In 2003, Death Cab For Cutie released indie-pop masterpiece Transatlanticism, but their frontman scored in both halves of the pitch, his collaboration on
Give Up with electronic artist Dntel (Jimmy Tamborello) also garnering considerable critical acclaim for its dream-like melancholy and soothing beats. Since that point, Gibbard has returned to work with his major project, but while 2005's
Plans and 2008's
Narrow Stairs received reasonable receptions and proved fairly popular, nothing has hit those early-decade heights in their real glory, so it was with a hint of apprehension but nevertheless a great deal of excitement that The Postal Service's sophomore release landed in my mailbox in late 2009.
Lead single 'Fireflies' was an all-around confusing introduction to the pair's new material, but worked out as both a huge radio hit and an enjoyable, if slightly empty reiteration of
Give Up's ideals.

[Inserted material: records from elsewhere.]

lemma partition_count_insert:
  assumes "finite A" "0 \<notin> A" "p \<notin> A" "p > 0"
  shows "partition_count (insert p A) n =
    partition_count A n + (if p \<le> n then partition_count (insert p A) (n - p) else 0)"
proof -
  define avoiding where "avoiding = {M. set_mset M \<subseteq> A \<and> sum_mset M = n}"
  define containing where
    "containing = {M. set_mset M \<subseteq> insert p A \<and> sum_mset M = n \<and> p \<in># M}"
  have "finite avoiding"
    using finite_partitions assms by (simp add: avoiding_def)
  moreover have "finite containing"
    by (rule rev_finite_subset[OF finite_partitions[of "insert p A" n]])
      (use assms in \<open>auto simp: containing_def\<close>)
  moreover have "{M. set_mset M \<subseteq> insert p A \<and> sum_mset M = n} = avoiding \<union> containing"
    "avoiding \<inter> containing = {}"
    using assms(3) by (auto simp: avoiding_def containing_def)
  ultimately have "partition_count (insert p A) n = card avoiding + card containing"
    by (simp add: partition_count_def card_Un_disjoint)
  moreover have "card avoiding = partition_count A n"
    by (simp add: partition_count_def avoiding_def)
  moreover have "card containing = (if p \<le> n then partition_count (insert p A) (n - p) else 0)"
    unfolding containing_def partitions_containing[OF insertI1]
    by (simp add: partition_count_def card_image inj_on_def)
  ultimately show ?thesis
    by simp
qed

lemma partition_fps_mult_prod:
  assumes "finite A" "0 \<notin> A"
  shows "partition_fps A * (\<Prod>p\<in>A. 1 - fps_X ^ p) = 1"
  using assms
proof (induction A rule: finite_induct)
  case empty
  show ?case
    by (simp add: partition_fps_def partition_count_empty fps_eq_iff fps_one_nth)
next
  case (insert p A)
  then have "partition_fps (insert p A) * (1 - fps_X ^ p) = (partition_fps A :: 'a fps)"
    by (intro fps_ext) (simp add: partition_fps_def partition_count_insert
        fps_X_power_mult_right_nth right_diff_distrib)
  with insert show ?case
    by (simp add: mult.assoc [symmetric])
qed

lemma partition_fps_mult_X_power_nth:
  "(partition_fps A * fps_X ^ e) $ n = (if e \<le> n then of_nat (partition_count A (n - e)) else 0)"
  by (simp add: partition_fps_def fps_X_power_mult_right_nth)

lemma Suc_choose_two: "Suc k choose 2 = (k choose 2) + k"
  by (simp add: numeral_2_eq_2)

lemma two_times_choose_two: "2 * int (k choose 2) = int k * (int k - 1)"
  by (induction k) (simp_all add: Suc_choose_two algebra_simps)

fun qbinomial :: "'a::comm_ring_1 \<Rightarrow> nat \<Rightarrow> nat \<Rightarrow> 'a" where
  "qbinomial Q 0 k = (if k = 0 then 1 else 0)"
| "qbinomial Q (Suc m) k =
     (if k = 0 then 1 else qbinomial Q m (k - 1) + Q ^ k * qbinomial Q m k)"

lemma qbinomial_eq_0: "m < k \<Longrightarrow> qbinomial Q m k = 0"
  by (induction m arbitrary: k) auto

lemma qbinomial_0_right [simp]: "qbinomial Q m 0 = 1"
  by (cases m) auto

theorem q_binomial_theorem:
  fixes Q y z :: "'a::comm_ring_1"
  shows "(\<Prod>i<m. z + y * Q ^ i) =
    (\<Sum>k\<le>m. qbinomial Q m k * Q ^ (k choose 2) * y ^ k * z ^ (m - k))"
proof (induction m arbitrary: y)
  case 0
  then show ?case by (simp add: binomial_eq_0)
next
  case (Suc m)
  define t where "t k = qbinomial Q m k * Q ^ (k choose 2) * y ^ k * z ^ (m - k)" for k
  define g where "g k = qbinomial Q m k * Q ^ ((k choose 2) + k) * y ^ k * z ^ (Suc m - k)" for k
  have "(\<Prod>i<Suc m. z + y * Q ^ i) = (z + y) * (\<Prod>i<m. z + (y * Q) * Q ^ i)"
    by (subst prod.lessThan_Suc_shift) (simp add: mult.assoc)
  also have "\<dots> = (z + y) * (\<Sum>k\<le>m. Q ^ k * t k)"
    unfolding Suc.IH[of "y * Q"] t_def by (simp add: power_mult_distrib mult_ac)
  also have "\<dots> = (\<Sum>k\<le>m. z * (Q ^ k * t k)) + (\<Sum>k\<le>m. y * (Q ^ k * t k))"
    by (simp add: distrib_right sum_distrib_left sum.distrib)
  also have "(\<Sum>k\<le>m. z * (Q ^ k * t k)) = (\<Sum>k\<le>Suc m. g k)"
  proof -
    have "(\<Sum>k\<le>m. z * (Q ^ k * t k)) = (\<Sum>k\<le>m. g k)"
      by (intro sum.cong refl) (simp add: t_def g_def power_add Suc_diff_le mult_ac)
    then show ?thesis
      by (simp add: g_def qbinomial_eq_0)
  qed
  also have "\<dots> = z ^ Suc m +
      (\<Sum>k\<le>m. Q ^ Suc k * qbinomial Q m (Suc k) * Q ^ (Suc k choose 2) * y ^ Suc k * z ^ (m - k))"
    by (subst sum.atMost_Suc_shift) (simp add: g_def binomial_eq_0 power_add mult_ac)
  also have "(\<Sum>k\<le>m. y * (Q ^ k * t k)) =
      (\<Sum>k\<le>m. qbinomial Q m k * Q ^ (Suc k choose 2) * y ^ Suc k * z ^ (m - k))"
    by (intro sum.cong refl) (simp add: t_def Suc_choose_two power_add algebra_simps)
  moreover have "(\<Sum>k\<le>Suc m. qbinomial Q (Suc m) k * Q ^ (k choose 2) * y ^ k * z ^ (Suc m - k)) =
      z ^ Suc m + (\<Sum>k\<le>m. (qbinomial Q m k + Q ^ Suc k * qbinomial Q m (Suc k)) *
        Q ^ (Suc k choose 2) * y ^ Suc k * z ^ (m - k))"
    by (subst sum.atMost_Suc_shift) (simp add: binomial_eq_0)
  ultimately show ?case
    by (simp add: algebra_simps sum.distrib)
qed

definition qpoch :: "'a::comm_ring_1 \<Rightarrow> nat \<Rightarrow> 'a" where
  "qpoch Q t = (\<Prod>i<t. 1 - Q ^ Suc i)"

lemma qpoch_0 [simp]: "qpoch Q 0 = 1"
  by (simp add: qpoch_def)

lemma qpoch_Suc: "qpoch Q (Suc t) = qpoch Q t * (1 - Q ^ Suc t)"
  by (simp add: qpoch_def)

lemma qbinomial_mult_qpoch:
  "k \<le> m \<Longrightarrow> qbinomial Q m k * qpoch Q k * qpoch Q (m - k) = qpoch Q m"
proof (induction m arbitrary: k)
  case 0
  then show ?case by simp
next
  case (Suc m)
  show ?case
  proof (cases k)
    case 0
    then show ?thesis by simp
  next
    case (Suc j)
    have "qbinomial Q m j * qpoch Q k * qpoch Q (Suc m - k) =
        (qbinomial Q m j * qpoch Q j * qpoch Q (m - j)) * (1 - Q ^ k)"
      using Suc by (simp add: qpoch_Suc mult_ac)
    then have first: "qbinomial Q m j * qpoch Q k * qpoch Q (Suc m - k) = qpoch Q m * (1 - Q ^ k)"
      using Suc.IH[of j] Suc.prems Suc by simp
    have second: "Q ^ k * qbinomial Q m k * qpoch Q k * qpoch Q (Suc m - k) =
        Q ^ k * qpoch Q m * (1 - Q ^ (Suc m - k))"
    proof (cases "k \<le> m")
      case True
      then have "Suc m - k = Suc (m - k)" by simp
      then have "Q ^ k * qbinomial Q m k * qpoch Q k * qpoch Q (Suc m - k) =
          Q ^ k * (qbinomial Q m k * qpoch Q k * qpoch Q (m - k)) * (1 - Q ^ (Suc m - k))"
        by (simp add: qpoch_Suc mult_ac)
      then show ?thesis
        using Suc.IH[OF True] by simp
    next
      case False
      then show ?thesis
        using Suc.prems by (simp add: qbinomial_eq_0)
    qed
    obtain d where d: "Suc m = k + d"
      using Suc.prems le_Suc_ex by blast
    have "qbinomial Q (Suc m) k = qbinomial Q m j + Q ^ k * qbinomial Q m k"
      using Suc by simp
    then have "qbinomial Q (Suc m) k * qpoch Q k * qpoch Q (Suc m - k) =
        qpoch Q m * (1 - Q ^ k) + Q ^ k * qpoch Q m * (1 - Q ^ (Suc m - k))"
      by (simp only: distrib_right first second)
    also have "\<dots> = qpoch Q m * (1 - Q ^ Suc m)"
      unfolding d by (simp add: algebra_simps power_add)
    finally show ?thesis
      by (simp add: qpoch_Suc)
  qed
qed

lemma qpoch_mod_3:
  fixes Q :: "'a::comm_ring_1"
  shows "(\<Prod>i<N. (1 - Q ^ (1 + 3 * i)) * (1 - Q ^ (3 * Suc i - 1))) * qpoch (Q ^ 3) N =
    qpoch Q (3 * N)"
proof (induction N)
  case (Suc N)
  have N3: "3 * Suc N = Suc (Suc (Suc (3 * N)))" "1 + 3 * N = Suc (3 * N)"
    "3 * Suc N - 1 = Suc (Suc (3 * N))"
    by simp_all
  have "(\<Prod>i<Suc N. (1 - Q ^ (1 + 3 * i)) * (1 - Q ^ (3 * Suc i - 1))) * qpoch (Q ^ 3) (Suc N) =
      ((\<Prod>i<N. (1 - Q ^ (1 + 3 * i)) * (1 - Q ^ (3 * Suc i - 1))) * qpoch (Q ^ 3) N) *
      ((1 - Q ^ (1 + 3 * N)) * (1 - Q ^ (3 * Suc N - 1))) * (1 - (Q ^ 3) ^ Suc N)"
    by (simp only: prod.lessThan_Suc qpoch_Suc mult_ac)
  also have "\<dots> = qpoch Q (3 * Suc N)"
    unfolding Suc.IH power_mult[symmetric] N3 by (simp only: qpoch_Suc mult.assoc diff_Suc_1)
  finally show ?case .
qed simp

It hinted, however, at the issues which plague
Ocean Eyes from top to bottom, the main two of which would seem to have their roots in a lack of care and attention. Gibbard, now engaged to Zooey Deschanel, has let his lyricism slip to the level of puns about the dentist and vacuous metaphors - at one point he even self-references, mentioning Puget Sound as he did on 'This Place Is A Prison' - valuing cute and meaningless imagery over anything harbouring real emotion. Dntel's slip-ups are similar; his beats are again pretty and spacey but so much more simplistic, and their predictability renders
Ocean Eyes a disappointingly uneventful listen; without Gibbard's poignant honesty to save the game, it's even more of a letdown.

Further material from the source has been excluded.